Massachusetts ‘Food Rescue’ Recycles Discarded Produce, Distributes It To Charities

9 Jun

PRODUCE GROCERY STORE
Several Boston-area organizations are collecting food for the hungry that would have otherwise ended up in landfills. (Photo: Danny Johnston) | ASSOCIATED PRESS

At a time when so much perfectly edible food is wasted, more and more efforts are being made to address the issue — but the question remains of how to get “rescued” food that would have otherwise been discarded to the people who need it most.

That’s where a group like Food For Free, a Cambridge, Massachusetts-based nonprofit, steps in.

Through its food rescue program, the group collects unsold fresh food, like fruit and vegetables, and prepared foods and dairy products nearing their sell-by dates — items that otherwise would have wound up in a landfill — from a range of donors including grocery stores, farmers markets, universities and bakeries.

Food For Free then takes that food and distributes it to charities that serve the hungry, groups that sometimes are lacking in fresh food options. Some of the program’s biggest donors include area Whole Foods, Trader Joe’s and Costco stores, as well as the dining halls at Harvard and MIT.

The program, as reported by the Boston Globe, works in concert with new food waste regulations signed into law in Massachusetts last year, which forbid any institution or organization that dumps more than a ton of food waste per month from sending it to a landfill.

Tax breaks are also available for participating businesses, which helps Food For Free to make their case to potential donors, though the Globe noted that some groups — franchise owners and nonprofit universities — aren’t eligible for them.

“There’s an incentive [to donate] now, and particularly with universities and large institutions,” Food For Free executive director Sasha Purpura explained to Boston magazine earlier this year. “It’s helping to bring even more awareness to this issue, and hopefully with that ban, and with the awareness that comes up around it, more organizations will be interested in donating.”

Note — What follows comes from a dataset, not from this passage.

(* Let $S(\mathbf{G}(V,E),\mathbf{\Sigma})$ be a constrained switching system with $\mathbf{\Sigma}\subset\mathbb{R}^{n\times n}$. Suppose $\gamma_*=\gamma_*(S)$ is attained by symmetric matrices $\{Q_v\succ0: v\in V\}$, i.e. $\gamma_*^2Q_v-A_\sigma^\top Q_wA_\sigma\succeq0$ for all $(v,w,\sigma)\in E$, and let $\mathcal{M}=\{|\cdot|_v\}$ with $|x|_v=(x^\top Q_vx)^{1/2}$ be the corresponding quadratic multinorm, of value $\gamma_*$. If the set of edges $$E'=\{(v,w,\sigma)\in E : \lambda_{\min}(\gamma_*^2Q_v-A_\sigma^\top Q_wA_\sigma)=0\}$$ forms a simple cycle $c$ in $\mathbf{G}$, then $\mathcal{M}$ is extremal (its value equals $\hat\rho(S)$), and $\hat\rho(S)=\rho(A_c)^{1/T}$, where $T$ is the length of $c$.
   Context: An automaton $\mathbf{G}(V,E)$ is a strongly connected directed graph with finite node set $V$ and finite edge set $E$ of labelled edges $(v,w,\sigma)$, $\sigma$ indexing a matrix $A_\sigma\in\mathbf{\Sigma}$. A path is a sequence of consecutive edges; for a path with labels $\sigma(1),\dots,\sigma(T)$, $A_p=A_{\sigma(T)}\cdots A_{\sigma(1)}$. A cycle is a path whose source and destination coincide; a cycle is simple if for every node $v$ it visits there is no partition of the cycle into two cycles on $v$. A label sequence is accepted if it is the label sequence of some path (no prescribed initial/final node). The CJSR is $\hat\rho(S)=\lim_{t\to\infty}\max\{\|A_{\sigma(t-1)}\cdots A_{\sigma(0)}\|^{1/t} : \sigma(0),\dots,\sigma(t-1)\text{ accepted}\}$. $\gamma_*(S)$ is the infimum of $\gamma$ such that there exist symmetric $Q_v\succ0$ ($v\in V$) with $\gamma^2Q_v-A_\sigma^\top Q_wA_\sigma\succeq0$ for all $(v,w,\sigma)\in E$. A multinorm is a family of vector norms $\{|\cdot|_v:v\in V\}$; its value is $\min\{\gamma:|A_\sigma x|_w\le\gamma|x|_v\ \forall x,\ \forall(v,w,\sigma)\in E\}$, and it is extremal if its value equals $\hat\rho(S)$. $\rho(\cdot)$ denotes the spectral radius and $\lambda_{\min}$ the smallest eigenvalue of a symmetric matrix. *)

theory Defs
  imports "HOL-Analysis.Analysis"
begin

The group has been at it for years, having been incorporated in 1983, and has had a tremendous impact. Last year, they distributed more than 1.5 million pounds of food to 110 charities in the Boston area, 1.3 million pounds of which they had diverted from a landfill, according to its website. Some of the rest of the food they distribute is grown through their own quarter-acre plot hosted by Lindentree Farm in Lincoln, about 12 miles northwest of Cambridge.

Food For Free is just one of several Boston-area efforts to reduce food waste and address hunger. Another group, Lovin’ Spoonfuls, picks up food and distributes it to community nonprofits that serve the hungry and also offers cooking, food storage and nutrition demonstrations and seminars.

In addition, a new nonprofit grocery store called Daily Table, stocked almost entirely with food donated from wholesalers or for-profit grocery stores, opened its doors in Boston’s Dorchester neighborhood last week. The store was founded by Doug Rauch, the former president of Trader Joe’s.

A number of other state and city governments have stepped up to address food waste in recent years. Connecticut was the first state to do so with a food waste landfill ban in 2011, and Vermont followed suit in 2012. At the city level, Seattle (along with Vancover, British Columbia, in Canada) instituted a ban on throwing away food in the trash in an effort to encourage more composting and recycling.